Despite an increased budget in 2017, only 53 percent of agencies surveyed have a cyber scorecard to help them “prioritize and evaluate areas for additional investments.” Michael Johnson, CIO of the Department of Energy, said his agency uses its DOE Cyber Strategy to decide where investments are needed. “If we get one more dollar, we already know where we need to invest that,” he said at MeriTalk’s Cyber Security Brainstorm in Washington, D.C. in September.

  1. Innovation – Are You Thinking Outside the Box?

Only 29 percent of feds rated their “agency’s push to incorporate more innovation within their cybersecurity strategy in the past two years as ‘very effective.’” Agencies that graded their cybersecurity posture as an “A” were three times more likely to rate their innovation efforts as very effective, noting improvements in cybersecurity analytics, risk assessments, governance, training, operationalizing budgets, and more.

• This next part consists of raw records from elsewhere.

lemma centralizer_F4: "centralizer {0, mat 1, w, w + mat 1} = to_end2 ` {(A, mZ) | A. True}"
proof -
  have commute: "to_end2 x ** w = w ** to_end2 x \<longleftrightarrow> snd x = mZ" for x
  proof -
    have "to_end2 x ** w = w ** to_end2 x \<longleftrightarrow>
        to_end2 (emul x (msc W4, mZ)) = to_end2 (emul (msc W4, mZ) x)"
      by (simp add: to_end2_emul to_end2_scalar)
    also have "\<dots> \<longleftrightarrow> snd x = mZ"
      using emul_omega_commute_iff by (cases x) (simp add: inj_to_end2 inj_eq)
    finally show ?thesis .
  qed
  have "centralizer {0, mat 1, w, w + mat 1} = {M. M ** w = w ** M}"
    by (auto simp: centralizer_def matrix_add_ldistrib matrix_add_rdistrib)
  also have "\<dots> = to_end2 ` {x. snd x = mZ}"
  proof (rule Set.set_eqI)
    fix M
    obtain x where "M = to_end2 x" using surj_to_end2 by (metis surjD)
    then show "M \<in> {M. M ** w = w ** M} \<longleftrightarrow> M \<in> to_end2 ` {x. snd x = mZ}"
      using commute by (simp add: inj_to_end2 inj_image_mem_iff)
  qed
  also have "{x. snd x = mZ} = {(A, mZ) | A. True}" by (auto intro: prod_eqI)
  finally show ?thesis .
qed

lemma to_end2_econj:
  assumes "mdet g = 1"
  shows "to_end2 (econj g x) = to_end2 (g, mZ) ** to_end2 x ** matrix_inv (to_end2 (g, mZ))"
proof -
  have "matrix_inv (to_end2 (g, mZ)) = to_end2 (madj g, mZ)"
    using emul_madj[OF assms] by (intro matrix_inv_unique) (simp_all flip: to_end2_emul add: to_end2_one)
  then show ?thesis by (simp add: econj_def to_end2_emul)
qed

lemma group_eq_SL2:
  assumes G: "group (mat_monoid G)" and A5: "mat_monoid G \<cong> alt_group 5"
    and linear: "G \<subseteq> to_end2 ` {(A, mZ) | A. True}"
  shows "G = to_end2 ` {(A, mZ) | A. mdet A = 1}"
proof -
  define lin where "lin A = to_end2 (A, mZ)" for A
  have inj_lin: "inj lin" by (rule injI) (simp add: lin_def inj_to_end2 inj_eq)
  have lin_mult: "lin (mmul A B) = lin A ** lin B" for A B
    by (simp only: lin_def emul_linear flip: to_end2_emul)
  have G_lin: "\<exists>A. g = lin A" if "g \<in> G" for g
    using that linear unfolding lin_def by blast
  have "range lin = to_end2 ` {(A, mZ) | A. True}"
    by (simp add: lin_def full_SetCompr_eq image_image)
  then have G_eq: "lin ` (lin -` G) = G" using linear by (simp add: image_vimage_eq Int_absorb2)
  have "card (lin ` (lin -` G)) = card (lin -` G)"
    by (rule card_image) (rule inj_on_subset[OF inj_lin subset_UNIV])
  moreover have "card G = 60"
    using card_iso_alt_group_5[OF A5] by (simp add: mat_monoid_def)
  ultimately have card_Gm: "card (lin -` G) = 60" using G_eq by simp
  define d where "d M = mdet (inv_into UNIV lin M)" for M
  have d_lin: "d (lin A) = mdet A" for A by (simp add: d_def inj_lin)
  have "d g = 1" if "g \<in> G" for g
  proof (rule group.perfect_imp_mult_trivial[OF G perfect_if_iso_alt_group_5[OF G A5]])
    fix x y assume "x \<in> carrier (mat_monoid G)" "y \<in> carrier (mat_monoid G)"
    then have "x \<in> G" "y \<in> G" by (simp_all add: mat_monoid_def)
    then obtain A B where "x = lin A" "y = lin B" using G_lin by blast
    then show "d (x \<otimes>\<^bsub>mat_monoid G\<^esub> y) = d x * d y"
      by (simp add: mat_monoid_def d_lin mdet_mmul flip: lin_mult)
  next
    have "lin mI = mat 1" by (simp add: lin_def to_end2_one)
    then show "d \<one>\<^bsub>mat_monoid G\<^esub> = 1"
      using d_lin[of mI] by (simp add: mat_monoid_def mI_def)
  qed (use that in \<open>simp add: mat_monoid_def\<close>)
  then have "lin -` G \<subseteq> {A. mdet A = 1}" by (auto simp flip: d_lin)
  then have SL: "lin -` G = {A. mdet A = 1}"
    using card_SL2_le card_Gm by (intro card_seteq) simp_all
  have "G = lin ` {A. mdet A = 1}" using G_eq unfolding SL by simp
  then show ?thesis by (auto simp: lin_def)
qed
(* Let $(X_t)_{t\in\mathbb{Z}}$ satisfy the weak FARIMA$(p,d_0,q)$ equation $a(L)(1-L)^{d_0}X_t=b(L)\epsilon_t$. Then for each $n$ there is a random variable $\Delta_n$, with $(\Delta_n)_{n\ge1}$ bounded in probability, such that for all $i,j\in\{1,\dots,p+q+1\}$ and all $\theta^{(1)},\theta^{(2)}\in\Theta_\kappa$, $$\Big|\frac{\partial^2}{\partial\theta_i\partial\theta_j}Q_n(\theta^{(1)})-\frac{\partial^2}{\partial\theta_i\partial\theta_j}Q_n(\theta^{(2)})\Big|\le\Delta_n\|\theta^{(1)}-\theta^{(2)}\|.$$
   Context: Model: $L$ is the backshift operator, $d_0\in(0,1/2)$, $(\epsilon_t)_{t\in\mathbb Z}$ is a sequence of uncorrelated random variables with mean $0$ and common variance $\sigma_\epsilon^2>0$, $(X_t)$ is second-order stationary, $a(L)=1-\sum_{i=1}^p a_iL^i$, $b(L)=1-\sum_{i=1}^q b_iL^i$ have all roots outside the closed unit disk and no common root; $(1-L)^{d}=\sum_{j\ge0}\alpha_j(d)L^j$ with $\alpha_j(d)=\Gamma(j-d)/\{\Gamma(j+1)\Gamma(-d)\}$. For $\theta=(\theta_1,\dots,\theta_{p+q},d)$: $a_\theta(z)=1-\sum_{i=1}^p\theta_iz^i$, $b_\theta(z)=1-\sum_{j=1}^q\theta_{p+j}z^j$. For $\kappa>0$, $\Theta^*_\kappa$ is the set of $(\theta_1,\dots,\theta_{p+q})$ such that all roots of $a_\theta,b_\theta$ have modulus $\ge1+\kappa$; $\Theta_\kappa=\Theta^*_\kappa\times[d_1,d_2]$ with $[d_1,d_2]\subset(0,1/2)$. $(\gamma_i(\theta))_{i\ge0}$ are the power-series coefficients of $b_\theta^{-1}(z)a_\theta(z)(1-z)^d$; truncated residuals $\tilde\epsilon_t(\theta)=\sum_{i=0}^{t-1}\gamma_i(\theta)X_{t-i}$ for $1\le t\le n$; $Q_n(\theta)=\frac1n\sum_{t=1}^n\tilde\epsilon_t^2(\theta)$. *)

theory Defs
  imports "HOL-Probability.Probability" "HOL-Computational_Algebra.Formal_Power_Series"
begin

text \<open>Coefficients of the fractional difference operator (1-L)^d.\<close>
definition frac_alpha :: "nat \<Rightarrow> real \<Rightarrow> real" where
  "frac_alpha j d = Gamma (real j - d) / (Gamma (real j + 1) * Gamma (- d))"

definition lag_poly :: "nat \<Rightarrow> (nat \<Rightarrow> real) \<Rightarrow> complex \<Rightarrow> complex" where
  "lag_poly p c z = 1 - (\<Sum>i=1..p. complex_of_real (c i) * z ^ i)"

text \<open>Parameters theta are functions nat => real; theta_1..theta_p are the AR
  coefficients, theta_{p+1}..theta_{p+q} the MA coefficients, theta_{p+q+1} = d.\<close>
definition a_theta_fps :: "nat \<Rightarrow> (nat \<Rightarrow> real) \<Rightarrow> real fps" where
  "a_theta_fps p \<theta> = Abs_fps (\<lambda>i. if i = 0 then 1 else if i \<le> p then - \<theta> i else 0)"

definition b_theta_fps :: "nat \<Rightarrow> nat \<Rightarrow> (nat \<Rightarrow> real) \<Rightarrow> real fps" where
  "b_theta_fps p q \<theta> = Abs_fps (\<lambda>j. if j = 0 then 1 else if j \<le> q then - \<theta> (p + j) else 0)"

definition frac_fps :: "real \<Rightarrow> real fps" where
  "frac_fps d = Abs_fps (\<lambda>j. frac_alpha j d)"

definition gamma_coef :: "nat \<Rightarrow> nat \<Rightarrow> (nat \<Rightarrow> real) \<Rightarrow> nat \<Rightarrow> real" where
  "gamma_coef p q \<theta> i =
     fps_nth (inverse (b_theta_fps p q \<theta>) * a_theta_fps p \<theta> * frac_fps (\<theta> (p + q + 1))) i"

definition eps_tilde :: "nat \<Rightarrow> nat \<Rightarrow> (int \<Rightarrow> 'a \<Rightarrow> real) \<Rightarrow> (nat \<Rightarrow> real) \<Rightarrow> nat \<Rightarrow> 'a \<Rightarrow> real" where
  "eps_tilde p q X \<theta> t \<omega> = (\<Sum>i=0..<t. gamma_coef p q \<theta> i * X (int t - int i) \<omega>)"
lemma definable_order_fixed_by_involution:
  assumes order: "linear_order_on (fst S) {(a, b). a \<in> fst S \<and> b \<in> fst S \<and> sat S (asg2 a b) P \<phi>}"
    and params: "fsv \<phi> \<subseteq> {..<k}"
    and invol: "\<And>x. \<sigma> (\<sigma> x) = x"
    and univ: "\<sigma> ` fst S \<subseteq> fst S"
    and rel: "\<And>x y. (x, y) \<in> snd S \<Longrightarrow> (\<sigma> x, \<sigma> y) \<in> snd S"
    and fixes_params: "\<And>i. i < k \<Longrightarrow> \<sigma> ` P i \<subseteq> P i"
    and x: "x \<in> fst S"
  shows "\<sigma> x = x"
proof (rule ccontr)
  assume moved: "\<sigma> x \<noteq> x"
  have bij: "bij \<sigma>"
    using invol by (metis bijI injI surjI)
  have rel_iff: "(u, w) \<in> snd S \<longleftrightarrow> (\<sigma> u, \<sigma> w) \<in> snd S" for u w
    using rel[of u w] rel[of "\<sigma> u" "\<sigma> w"] invol by auto
  have swap: "sat S (asg2 u w) P \<phi> \<longleftrightarrow> sat S (asg2 (\<sigma> u) (\<sigma> w)) P \<phi>" for u w
  proof -
    have "sat S (asg2 u w) P \<phi> \<longleftrightarrow> sat S (\<sigma> \<circ> asg2 u w) (\<lambda>j. \<sigma> ` P j) \<phi>"
      by (rule sat_automorphism[OF bij involution_image_eq[OF invol univ] rel_iff])
    also have "\<dots> \<longleftrightarrow> sat S (asg2 (\<sigma> u) (\<sigma> w)) P \<phi>"
      using params involution_image_eq[OF invol fixes_params] by (intro sat_cong) (auto simp: asg2_def)
    finally show ?thesis .
  qed
  let ?r = "{(a, b). a \<in> fst S \<and> b \<in> fst S \<and> sat S (asg2 a b) P \<phi>}"
  have x': "\<sigma> x \<in> fst S"
    using univ x by blast
  have "(x, \<sigma> x) \<in> ?r \<or> (\<sigma> x, x) \<in> ?r"
    using order moved x x' unfolding linear_order_on_def total_on_def by blast
  moreover have "(x, \<sigma> x) \<in> ?r \<longleftrightarrow> (\<sigma> x, x) \<in> ?r"
    using swap[of x "\<sigma> x"] invol[of x] x x' by simp
  ultimately have "(x, \<sigma> x) \<in> ?r" "(\<sigma> x, x) \<in> ?r"
    by blast+
  then show False
    using order moved unfolding linear_order_on_def partial_order_on_def antisym_def by blast
qed

section \<open>Complete bipartite graphs with a large side are not orderable\<close>

definition complete_bipartite :: "'v set \<Rightarrow> 'v set \<Rightarrow> 'v set \<times> 'v set set" where
  "complete_bipartite A B = (A \<union> B, {{a, b} | a b. a \<in> A \<and> b \<in> B})"

lemma complete_bipartite_commute: "complete_bipartite A B = complete_bipartite B A"
  by (auto simp: complete_bipartite_def insert_commute)

lemma is_K_complete_bipartite:
  assumes "A \<inter> B = {}" "finite A" "finite B"
  shows "is_K (complete_bipartite A B) (card A) (card B)"
  unfolding is_K_def complete_bipartite_def fst_conv snd_conv
  using assms finite_UnI by blast

lemma is_KE:
  assumes "is_K G n m"
  obtains A B where "A \<inter> B = {}" "finite A" "finite B" "card A = n" "card B = m"
    "G = complete_bipartite A B"
proof -
  obtain A B where AB: "A \<inter> B = {}" "A \<union> B = fst G" "card A = n" "card B = m"
    "snd G = {{a, b} | a b. a \<in> A \<and> b \<in> B}" and fin: "finite (fst G)"
    using assms unfolding is_K_def by blast
  have "finite A" "finite B"
    using fin AB(2) by (metis finite_Un)+
  moreover have "G = complete_bipartite A B"
    using AB(2,5) by (simp add: complete_bipartite_def prod_eq_iff)
  ultimately show ?thesis
    using AB(1,3,4) by (intro that)
qed

lemma is_K_sym:
  assumes "is_K G n m"
  shows "is_K G m n"
proof -
  obtain A B where "A \<inter> B = {}" "finite A" "finite B" "card A = n" "card B = m" "G = complete_bipartite A B"
    using assms by (rule is_KE)
  then show ?thesis
    using is_K_complete_bipartite[of B A] by (simp add: Int_commute complete_bipartite_commute)
qed

lemma incidence_structure_involution:
  assumes invol: "\<And>v. \<tau> (\<tau> v) = v"
    and vertices: "\<tau> ` fst G \<subseteq> fst G"
    and edges: "\<And>e. e \<in> snd G \<Longrightarrow> \<tau> ` e \<in> snd G"
  shows "\<And>x. map_sum \<tau> (image \<tau>) (map_sum \<tau> (image \<tau>) x) = x"
    and "map_sum \<tau> (image \<tau>) ` fst (incidence_structure G) \<subseteq> fst (incidence_structure G)"
    and "\<And>x y. (x, y) \<in> snd (incidence_structure G) \<Longrightarrow>
           (map_sum \<tau> (image \<tau>) x, map_sum \<tau> (image \<tau>) y) \<in> snd (incidence_structure G)"
proof -
  show "map_sum \<tau> (image \<tau>) (map_sum \<tau> (image \<tau>) x) = x" for x
    using invol by (cases x) (simp_all add: image_image)
  show "map_sum \<tau> (image \<tau>) ` fst (incidence_structure G) \<subseteq> fst (incidence_structure G)"
    using vertices edges by (auto simp: incidence_structure_def)
  show "(map_sum \<tau> (image \<tau>) x, map_sum \<tau> (image \<tau>) y) \<in> snd (incidence_structure G)"
    if "(x, y) \<in> snd (incidence_structure G)" for x y
    using that vertices edges by (auto simp: incidence_structure_def)
qed

definition vertex_swap :: "'v \<Rightarrow> 'v \<Rightarrow> 'v \<Rightarrow> 'v" where
  "vertex_swap b b' v = (if v = b then b' else if v = b' then b else v)"

definition incidence_swap :: "'v \<Rightarrow> 'v \<Rightarrow> 'v + 'v set \<Rightarrow> 'v + 'v set" where
  "incidence_swap b b' = map_sum (vertex_swap b b') (image (vertex_swap b b'))"
(* Let $X$ be a super $X$-set parameter, let $G$ and $G'$ be graphs of the same order $n$, and let $\varphi:\mathfrak{X}(G)\to\mathfrak{X}(G')$ be a graph isomorphism. Then $|\varphi(S)|=|S|$ for every $X$-set $S$ of $G$ if and only if there exists a bijection $\psi:V(G)\to V(G')$ such that $\psi(S)=\varphi(S)$ for every $X$-set $S$ of $G$ (where $\psi(S)=\{\psi(s):s\in S\}$). In particular, if $|\varphi(S)|=|S|$ for every $X$-set $S$ of $G$, then the vertices of $G'$ can be relabeled so that $G$ and the relabeled graph have exactly the same $X$-sets.
   Context: All graphs are finite, simple, undirected, with nonempty vertex set. A super $X$-set parameter $X$ assigns to each graph $G$ a family of subsets of $V(G)$, called the $X$-sets of $G$, such that: every graph isomorphism maps $X$-sets to $X$-sets; every graph has at least one $X$-set; and (Superset) if $S$ is an $X$-set of $G$ and $S\subseteq S'\subseteq V(G)$, then $S'$ is an $X$-set of $G$. The $X$-TAR graph $\mathfrak{X}(G)$ has as vertices the $X$-sets of $G$, with $S_1S_2$ an edge iff $|S_1\ominus S_2|=1$. *)

theory Defs
  imports Main
begin

type_synonym 'v graph = "'v set \<times> 'v set set"

definition verts :: "'v graph \<Rightarrow> 'v set" where
  "verts G = fst G"

definition edges :: "'v graph \<Rightarrow> 'v set set" where
  "edges G = snd G"

definition is_graph :: "'v graph \<Rightarrow> bool" where
  "is_graph G \<longleftrightarrow> finite (verts G) \<and> verts G \<noteq> {} \<and>
     (\<forall>e\<in>edges G. e \<subseteq> verts G \<and> card e = 2)"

Survey respondents said that increased employee feedback, budget, and collaboration would drive cybersecurity innovation.

Training: The Most Important of the Four Pillars

Survey respondents noted that employee training was the weakest link in their cybersecurity programs. It’s no surprise, then, that 57 percent of federal IT managers cited training as a most critical step for improving their agency’s cybersecurity in the next two years—more than 20 percent ahead of other important steps.

Threats from without and vulnerabilities from within make cybersecurity a critical priority for both government agencies and the private sector. As the MeriTalk report points out, training is key; at the same time, security experts should implement cyber scorecards to help with budgets and provide a collaborative environment in which innovation can flourish.

ID Experts Proven Response: Federal Government Capabilities Statement


[1] This article differentiates training from awareness. Training gives users basic skills for responding to potential security threats, whereas user awareness training is more generic and helps users better identify potential threats.